▶ [Problem to solve]:
Below are entries; copy exactly the lines from the one with "(Suc n) \<Longrightarrow>" through the one with "e @ [last e]", both included, and leave out the rest.

▶ [Entries supplied]:
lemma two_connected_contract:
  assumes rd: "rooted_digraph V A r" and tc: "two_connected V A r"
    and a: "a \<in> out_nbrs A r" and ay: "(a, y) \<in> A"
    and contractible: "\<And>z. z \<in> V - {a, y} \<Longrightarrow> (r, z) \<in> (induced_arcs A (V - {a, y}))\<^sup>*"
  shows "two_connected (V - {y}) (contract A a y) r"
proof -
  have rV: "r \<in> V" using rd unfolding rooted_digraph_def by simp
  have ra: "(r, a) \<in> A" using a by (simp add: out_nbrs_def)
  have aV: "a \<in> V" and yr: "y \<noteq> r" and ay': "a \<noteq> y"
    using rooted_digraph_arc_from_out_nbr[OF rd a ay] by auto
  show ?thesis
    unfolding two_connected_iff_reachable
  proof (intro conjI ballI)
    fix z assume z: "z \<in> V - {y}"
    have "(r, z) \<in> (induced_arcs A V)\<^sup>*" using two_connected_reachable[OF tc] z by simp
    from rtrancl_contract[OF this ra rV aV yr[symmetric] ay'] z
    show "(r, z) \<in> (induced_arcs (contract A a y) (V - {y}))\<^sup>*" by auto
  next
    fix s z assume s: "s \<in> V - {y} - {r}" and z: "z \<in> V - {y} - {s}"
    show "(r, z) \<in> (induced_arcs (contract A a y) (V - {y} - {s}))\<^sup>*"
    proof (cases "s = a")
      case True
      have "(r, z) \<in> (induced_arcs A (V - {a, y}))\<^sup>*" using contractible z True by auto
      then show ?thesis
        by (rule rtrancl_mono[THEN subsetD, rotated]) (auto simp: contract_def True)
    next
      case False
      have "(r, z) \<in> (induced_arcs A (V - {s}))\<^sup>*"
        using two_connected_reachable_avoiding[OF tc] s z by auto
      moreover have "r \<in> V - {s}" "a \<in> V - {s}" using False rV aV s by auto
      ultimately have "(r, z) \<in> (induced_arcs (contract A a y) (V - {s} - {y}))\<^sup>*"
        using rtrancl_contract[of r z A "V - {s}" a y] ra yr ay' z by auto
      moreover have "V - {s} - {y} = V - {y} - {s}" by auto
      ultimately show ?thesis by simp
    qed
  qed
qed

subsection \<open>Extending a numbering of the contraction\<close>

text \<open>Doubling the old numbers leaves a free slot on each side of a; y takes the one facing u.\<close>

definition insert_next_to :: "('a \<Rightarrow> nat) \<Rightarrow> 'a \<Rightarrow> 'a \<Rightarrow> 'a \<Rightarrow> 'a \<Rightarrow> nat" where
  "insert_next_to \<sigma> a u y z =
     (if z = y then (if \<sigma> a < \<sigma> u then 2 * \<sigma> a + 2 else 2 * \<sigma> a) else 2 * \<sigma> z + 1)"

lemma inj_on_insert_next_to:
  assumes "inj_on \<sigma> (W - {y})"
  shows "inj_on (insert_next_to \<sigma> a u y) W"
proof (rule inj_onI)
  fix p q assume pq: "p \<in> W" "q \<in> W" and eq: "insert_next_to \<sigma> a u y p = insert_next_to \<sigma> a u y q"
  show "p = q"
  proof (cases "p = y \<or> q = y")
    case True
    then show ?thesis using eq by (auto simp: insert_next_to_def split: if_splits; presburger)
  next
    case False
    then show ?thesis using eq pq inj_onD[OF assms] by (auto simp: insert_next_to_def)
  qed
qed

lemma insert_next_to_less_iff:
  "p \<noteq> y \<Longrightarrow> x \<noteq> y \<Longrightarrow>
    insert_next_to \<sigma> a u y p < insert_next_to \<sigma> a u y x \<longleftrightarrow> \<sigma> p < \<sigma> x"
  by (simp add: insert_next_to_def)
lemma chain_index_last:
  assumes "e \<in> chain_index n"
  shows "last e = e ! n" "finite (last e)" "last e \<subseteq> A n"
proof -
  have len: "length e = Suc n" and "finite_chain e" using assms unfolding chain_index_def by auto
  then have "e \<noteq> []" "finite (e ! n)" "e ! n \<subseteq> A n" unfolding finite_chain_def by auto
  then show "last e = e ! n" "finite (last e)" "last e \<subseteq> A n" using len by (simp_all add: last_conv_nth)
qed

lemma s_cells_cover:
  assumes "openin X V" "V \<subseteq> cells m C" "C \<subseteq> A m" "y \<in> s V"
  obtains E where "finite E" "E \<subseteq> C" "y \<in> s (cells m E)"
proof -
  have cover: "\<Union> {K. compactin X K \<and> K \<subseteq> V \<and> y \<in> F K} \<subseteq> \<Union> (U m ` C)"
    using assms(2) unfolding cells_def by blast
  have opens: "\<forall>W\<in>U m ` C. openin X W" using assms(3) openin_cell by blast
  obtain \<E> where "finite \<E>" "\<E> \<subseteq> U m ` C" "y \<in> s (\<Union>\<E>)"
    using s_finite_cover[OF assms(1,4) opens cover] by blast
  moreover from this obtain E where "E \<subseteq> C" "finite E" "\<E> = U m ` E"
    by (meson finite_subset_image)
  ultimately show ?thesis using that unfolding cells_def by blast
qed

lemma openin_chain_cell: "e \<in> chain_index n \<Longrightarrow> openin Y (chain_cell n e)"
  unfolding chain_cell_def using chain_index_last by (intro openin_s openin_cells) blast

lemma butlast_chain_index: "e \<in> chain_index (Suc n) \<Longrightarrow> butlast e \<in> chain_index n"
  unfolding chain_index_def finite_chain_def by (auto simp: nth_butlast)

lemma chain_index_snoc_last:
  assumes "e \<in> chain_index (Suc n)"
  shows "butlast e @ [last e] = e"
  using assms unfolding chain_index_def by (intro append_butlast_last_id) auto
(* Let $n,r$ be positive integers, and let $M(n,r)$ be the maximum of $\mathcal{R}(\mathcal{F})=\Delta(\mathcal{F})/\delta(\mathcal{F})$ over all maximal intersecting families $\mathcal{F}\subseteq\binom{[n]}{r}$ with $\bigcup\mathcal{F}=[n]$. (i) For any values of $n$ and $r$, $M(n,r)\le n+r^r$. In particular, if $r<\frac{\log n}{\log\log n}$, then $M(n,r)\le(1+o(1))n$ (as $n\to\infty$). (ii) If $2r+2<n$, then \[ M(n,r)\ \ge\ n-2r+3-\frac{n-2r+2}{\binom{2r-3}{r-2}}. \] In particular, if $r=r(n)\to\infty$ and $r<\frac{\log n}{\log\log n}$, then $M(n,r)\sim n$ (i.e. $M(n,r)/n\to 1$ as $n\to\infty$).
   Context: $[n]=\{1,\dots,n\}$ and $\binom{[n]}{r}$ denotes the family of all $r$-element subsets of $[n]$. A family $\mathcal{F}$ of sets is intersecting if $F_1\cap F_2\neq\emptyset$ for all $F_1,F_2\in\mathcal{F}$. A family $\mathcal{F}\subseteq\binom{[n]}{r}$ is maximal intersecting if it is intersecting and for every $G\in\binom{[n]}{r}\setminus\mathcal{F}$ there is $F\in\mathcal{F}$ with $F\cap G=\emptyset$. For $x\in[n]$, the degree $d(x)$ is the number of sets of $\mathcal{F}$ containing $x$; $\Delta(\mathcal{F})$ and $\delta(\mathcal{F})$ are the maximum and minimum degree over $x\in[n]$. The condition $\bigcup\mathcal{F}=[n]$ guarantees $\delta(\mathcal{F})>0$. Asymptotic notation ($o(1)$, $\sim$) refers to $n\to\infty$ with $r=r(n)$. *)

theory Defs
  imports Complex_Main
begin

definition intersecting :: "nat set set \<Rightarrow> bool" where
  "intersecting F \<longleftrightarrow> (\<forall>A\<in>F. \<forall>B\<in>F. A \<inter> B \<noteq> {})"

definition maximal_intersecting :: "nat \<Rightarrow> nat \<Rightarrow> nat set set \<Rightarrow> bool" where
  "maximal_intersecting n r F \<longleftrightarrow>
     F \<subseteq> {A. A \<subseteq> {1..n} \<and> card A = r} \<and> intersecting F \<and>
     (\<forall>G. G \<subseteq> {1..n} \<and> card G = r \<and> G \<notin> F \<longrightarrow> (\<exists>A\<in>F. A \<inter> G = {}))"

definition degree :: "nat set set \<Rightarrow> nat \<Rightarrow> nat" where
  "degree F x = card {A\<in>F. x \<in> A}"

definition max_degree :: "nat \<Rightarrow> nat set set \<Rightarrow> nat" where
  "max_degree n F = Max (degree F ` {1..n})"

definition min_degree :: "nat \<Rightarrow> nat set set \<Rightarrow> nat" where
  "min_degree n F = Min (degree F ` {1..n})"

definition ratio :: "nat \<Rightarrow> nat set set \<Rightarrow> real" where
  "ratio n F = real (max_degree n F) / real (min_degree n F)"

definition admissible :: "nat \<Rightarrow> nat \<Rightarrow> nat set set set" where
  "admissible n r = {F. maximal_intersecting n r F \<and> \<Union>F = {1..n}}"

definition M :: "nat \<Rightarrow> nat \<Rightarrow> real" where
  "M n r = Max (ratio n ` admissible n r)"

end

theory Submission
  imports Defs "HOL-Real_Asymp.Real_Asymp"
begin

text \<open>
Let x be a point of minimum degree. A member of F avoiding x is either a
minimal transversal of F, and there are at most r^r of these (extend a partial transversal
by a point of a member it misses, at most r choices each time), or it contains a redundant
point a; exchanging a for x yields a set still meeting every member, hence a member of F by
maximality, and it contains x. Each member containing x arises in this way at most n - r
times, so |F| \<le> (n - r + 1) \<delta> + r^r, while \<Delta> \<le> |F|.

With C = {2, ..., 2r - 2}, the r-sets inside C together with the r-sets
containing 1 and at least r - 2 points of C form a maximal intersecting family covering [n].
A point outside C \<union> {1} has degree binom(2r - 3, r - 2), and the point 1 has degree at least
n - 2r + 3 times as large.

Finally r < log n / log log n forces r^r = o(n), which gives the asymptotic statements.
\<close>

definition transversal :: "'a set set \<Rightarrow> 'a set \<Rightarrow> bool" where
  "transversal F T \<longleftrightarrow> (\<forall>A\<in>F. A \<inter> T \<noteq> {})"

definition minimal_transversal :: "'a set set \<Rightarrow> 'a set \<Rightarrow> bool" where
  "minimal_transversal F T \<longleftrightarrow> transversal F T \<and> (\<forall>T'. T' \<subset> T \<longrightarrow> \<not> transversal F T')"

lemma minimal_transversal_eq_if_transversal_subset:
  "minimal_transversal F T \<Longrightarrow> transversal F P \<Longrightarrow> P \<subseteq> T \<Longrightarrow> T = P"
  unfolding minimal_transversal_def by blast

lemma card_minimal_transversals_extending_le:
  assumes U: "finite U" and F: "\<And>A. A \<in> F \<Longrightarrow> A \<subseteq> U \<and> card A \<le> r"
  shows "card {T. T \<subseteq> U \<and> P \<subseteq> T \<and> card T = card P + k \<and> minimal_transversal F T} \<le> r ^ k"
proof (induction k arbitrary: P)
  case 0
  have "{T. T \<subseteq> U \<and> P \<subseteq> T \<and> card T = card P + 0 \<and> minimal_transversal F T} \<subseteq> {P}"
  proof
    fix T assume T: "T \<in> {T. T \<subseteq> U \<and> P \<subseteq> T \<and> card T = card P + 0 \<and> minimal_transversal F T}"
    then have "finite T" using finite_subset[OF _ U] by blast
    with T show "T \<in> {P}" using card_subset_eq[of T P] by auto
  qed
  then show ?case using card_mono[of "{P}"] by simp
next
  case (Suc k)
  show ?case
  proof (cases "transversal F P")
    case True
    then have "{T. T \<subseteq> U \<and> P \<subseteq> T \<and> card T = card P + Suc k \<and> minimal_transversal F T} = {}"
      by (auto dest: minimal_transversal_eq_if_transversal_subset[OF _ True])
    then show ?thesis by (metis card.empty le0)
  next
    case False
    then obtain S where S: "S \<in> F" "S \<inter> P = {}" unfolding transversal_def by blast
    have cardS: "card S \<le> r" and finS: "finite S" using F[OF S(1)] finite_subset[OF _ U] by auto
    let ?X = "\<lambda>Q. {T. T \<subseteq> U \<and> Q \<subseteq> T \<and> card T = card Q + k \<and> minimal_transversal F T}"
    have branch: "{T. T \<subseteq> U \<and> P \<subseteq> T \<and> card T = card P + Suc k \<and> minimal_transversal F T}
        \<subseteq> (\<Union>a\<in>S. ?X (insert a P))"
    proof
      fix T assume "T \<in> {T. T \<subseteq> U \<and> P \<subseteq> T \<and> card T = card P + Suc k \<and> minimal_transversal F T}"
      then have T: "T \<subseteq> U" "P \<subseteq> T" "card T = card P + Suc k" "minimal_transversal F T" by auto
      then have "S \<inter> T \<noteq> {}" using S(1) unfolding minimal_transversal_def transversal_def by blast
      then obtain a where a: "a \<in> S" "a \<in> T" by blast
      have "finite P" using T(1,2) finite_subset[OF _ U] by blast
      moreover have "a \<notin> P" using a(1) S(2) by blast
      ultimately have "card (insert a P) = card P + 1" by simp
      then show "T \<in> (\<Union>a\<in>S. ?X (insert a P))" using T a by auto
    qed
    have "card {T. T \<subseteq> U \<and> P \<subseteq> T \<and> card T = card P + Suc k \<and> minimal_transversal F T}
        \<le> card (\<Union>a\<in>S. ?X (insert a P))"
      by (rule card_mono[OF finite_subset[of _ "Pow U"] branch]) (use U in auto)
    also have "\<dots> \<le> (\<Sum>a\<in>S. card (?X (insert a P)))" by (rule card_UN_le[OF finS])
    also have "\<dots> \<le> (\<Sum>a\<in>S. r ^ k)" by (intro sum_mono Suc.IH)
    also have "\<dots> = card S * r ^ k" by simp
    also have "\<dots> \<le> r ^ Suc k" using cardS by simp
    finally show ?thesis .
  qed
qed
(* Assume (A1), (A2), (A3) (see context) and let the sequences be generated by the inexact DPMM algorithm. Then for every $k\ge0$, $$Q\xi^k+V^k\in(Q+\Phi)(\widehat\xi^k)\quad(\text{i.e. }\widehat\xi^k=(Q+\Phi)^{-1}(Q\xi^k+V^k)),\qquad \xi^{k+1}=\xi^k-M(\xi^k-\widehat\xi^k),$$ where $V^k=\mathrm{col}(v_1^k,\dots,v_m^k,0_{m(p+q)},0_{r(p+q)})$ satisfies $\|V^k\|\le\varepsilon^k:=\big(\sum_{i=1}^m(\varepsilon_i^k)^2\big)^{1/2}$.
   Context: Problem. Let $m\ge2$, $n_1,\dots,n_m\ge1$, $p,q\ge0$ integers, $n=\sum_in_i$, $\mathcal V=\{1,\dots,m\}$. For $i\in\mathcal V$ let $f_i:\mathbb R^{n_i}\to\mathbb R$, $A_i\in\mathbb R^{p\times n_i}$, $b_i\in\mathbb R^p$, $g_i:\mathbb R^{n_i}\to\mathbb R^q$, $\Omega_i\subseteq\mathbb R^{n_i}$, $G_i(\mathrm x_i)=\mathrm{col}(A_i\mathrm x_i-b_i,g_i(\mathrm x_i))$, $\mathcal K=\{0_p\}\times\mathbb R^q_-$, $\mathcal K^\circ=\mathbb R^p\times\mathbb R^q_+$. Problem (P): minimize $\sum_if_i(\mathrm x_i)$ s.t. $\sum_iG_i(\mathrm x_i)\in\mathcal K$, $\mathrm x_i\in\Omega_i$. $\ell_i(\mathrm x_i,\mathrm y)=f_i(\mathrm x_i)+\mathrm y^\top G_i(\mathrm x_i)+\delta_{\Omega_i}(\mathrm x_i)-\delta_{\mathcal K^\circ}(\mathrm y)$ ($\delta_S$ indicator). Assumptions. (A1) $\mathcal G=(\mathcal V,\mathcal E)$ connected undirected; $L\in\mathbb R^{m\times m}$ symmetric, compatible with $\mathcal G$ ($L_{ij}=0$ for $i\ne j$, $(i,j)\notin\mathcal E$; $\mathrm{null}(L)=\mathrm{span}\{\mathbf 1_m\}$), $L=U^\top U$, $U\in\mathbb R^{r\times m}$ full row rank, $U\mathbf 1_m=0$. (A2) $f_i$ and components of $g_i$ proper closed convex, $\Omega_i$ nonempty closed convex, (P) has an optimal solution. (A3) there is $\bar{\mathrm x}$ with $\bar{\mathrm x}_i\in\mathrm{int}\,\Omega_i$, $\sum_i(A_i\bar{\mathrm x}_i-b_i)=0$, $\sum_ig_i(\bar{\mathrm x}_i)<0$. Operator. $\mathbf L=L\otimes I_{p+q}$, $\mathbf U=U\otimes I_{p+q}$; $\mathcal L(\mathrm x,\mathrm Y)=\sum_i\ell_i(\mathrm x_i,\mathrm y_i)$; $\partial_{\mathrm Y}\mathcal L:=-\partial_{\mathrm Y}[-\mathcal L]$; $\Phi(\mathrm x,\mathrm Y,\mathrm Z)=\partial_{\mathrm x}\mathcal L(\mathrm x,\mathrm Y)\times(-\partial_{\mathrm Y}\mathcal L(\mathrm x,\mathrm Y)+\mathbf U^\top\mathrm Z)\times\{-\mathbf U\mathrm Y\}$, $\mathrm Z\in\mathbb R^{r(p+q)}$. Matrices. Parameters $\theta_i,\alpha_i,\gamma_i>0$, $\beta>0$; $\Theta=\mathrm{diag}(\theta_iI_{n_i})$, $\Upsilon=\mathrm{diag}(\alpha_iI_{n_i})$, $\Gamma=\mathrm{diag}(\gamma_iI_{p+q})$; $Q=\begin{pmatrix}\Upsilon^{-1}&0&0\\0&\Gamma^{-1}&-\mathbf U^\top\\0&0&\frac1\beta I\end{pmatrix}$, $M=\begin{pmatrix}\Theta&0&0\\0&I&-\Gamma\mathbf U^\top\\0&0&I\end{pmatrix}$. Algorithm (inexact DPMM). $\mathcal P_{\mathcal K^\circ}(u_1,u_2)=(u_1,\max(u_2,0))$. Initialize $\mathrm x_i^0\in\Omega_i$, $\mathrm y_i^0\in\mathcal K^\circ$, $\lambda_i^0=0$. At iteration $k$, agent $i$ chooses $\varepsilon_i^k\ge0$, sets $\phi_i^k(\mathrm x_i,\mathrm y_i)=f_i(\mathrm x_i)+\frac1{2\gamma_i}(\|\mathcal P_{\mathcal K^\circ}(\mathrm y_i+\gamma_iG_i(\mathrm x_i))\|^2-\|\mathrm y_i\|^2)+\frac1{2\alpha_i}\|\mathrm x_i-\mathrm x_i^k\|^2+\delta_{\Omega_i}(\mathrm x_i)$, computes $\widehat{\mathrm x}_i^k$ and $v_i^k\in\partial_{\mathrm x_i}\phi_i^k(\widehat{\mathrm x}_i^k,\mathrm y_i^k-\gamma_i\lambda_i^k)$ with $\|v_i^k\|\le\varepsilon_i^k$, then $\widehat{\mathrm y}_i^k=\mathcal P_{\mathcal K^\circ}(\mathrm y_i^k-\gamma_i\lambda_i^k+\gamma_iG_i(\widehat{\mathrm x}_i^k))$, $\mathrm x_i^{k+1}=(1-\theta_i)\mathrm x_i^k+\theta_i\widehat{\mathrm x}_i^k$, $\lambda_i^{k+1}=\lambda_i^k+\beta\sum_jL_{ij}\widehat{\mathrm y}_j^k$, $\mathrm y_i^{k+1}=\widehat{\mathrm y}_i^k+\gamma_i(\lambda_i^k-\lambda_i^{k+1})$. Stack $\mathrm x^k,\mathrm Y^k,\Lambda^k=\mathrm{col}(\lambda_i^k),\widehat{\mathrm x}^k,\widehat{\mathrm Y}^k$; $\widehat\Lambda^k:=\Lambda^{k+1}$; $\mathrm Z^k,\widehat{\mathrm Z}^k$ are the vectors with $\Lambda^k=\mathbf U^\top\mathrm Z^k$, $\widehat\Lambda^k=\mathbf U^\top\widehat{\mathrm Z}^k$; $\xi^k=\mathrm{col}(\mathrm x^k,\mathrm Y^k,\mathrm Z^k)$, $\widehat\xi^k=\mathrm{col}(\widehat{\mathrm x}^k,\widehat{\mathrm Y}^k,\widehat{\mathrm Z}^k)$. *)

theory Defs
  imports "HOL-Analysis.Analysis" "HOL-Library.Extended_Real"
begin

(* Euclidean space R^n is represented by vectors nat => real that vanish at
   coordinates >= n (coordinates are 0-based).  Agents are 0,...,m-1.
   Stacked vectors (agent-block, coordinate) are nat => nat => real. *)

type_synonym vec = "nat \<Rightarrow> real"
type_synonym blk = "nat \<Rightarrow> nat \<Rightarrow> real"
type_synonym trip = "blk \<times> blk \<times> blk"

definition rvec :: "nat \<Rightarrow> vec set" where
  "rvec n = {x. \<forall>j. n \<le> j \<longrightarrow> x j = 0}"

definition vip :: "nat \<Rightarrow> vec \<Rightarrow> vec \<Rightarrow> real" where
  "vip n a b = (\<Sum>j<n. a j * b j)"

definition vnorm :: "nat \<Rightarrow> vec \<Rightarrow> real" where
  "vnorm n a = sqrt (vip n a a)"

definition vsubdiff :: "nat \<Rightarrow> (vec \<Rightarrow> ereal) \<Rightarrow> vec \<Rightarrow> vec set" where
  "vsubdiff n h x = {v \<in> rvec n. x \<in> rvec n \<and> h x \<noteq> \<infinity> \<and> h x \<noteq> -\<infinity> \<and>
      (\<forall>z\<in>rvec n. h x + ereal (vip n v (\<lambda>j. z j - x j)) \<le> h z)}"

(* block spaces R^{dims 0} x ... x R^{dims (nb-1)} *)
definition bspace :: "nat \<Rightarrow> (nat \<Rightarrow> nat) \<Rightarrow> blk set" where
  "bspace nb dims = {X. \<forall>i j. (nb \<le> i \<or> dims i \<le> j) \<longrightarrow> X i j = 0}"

▶ [Reply to the task]:
lemma butlast_chain_index: "e \<in> chain_index (Suc n) \<Longrightarrow> butlast e \<in> chain_index n"
  unfolding chain_index_def finite_chain_def by (auto simp: nth_butlast)

lemma chain_index_snoc_last:
  assumes "e \<in> chain_index (Suc n)"
  shows "butlast e @ [last e] = e"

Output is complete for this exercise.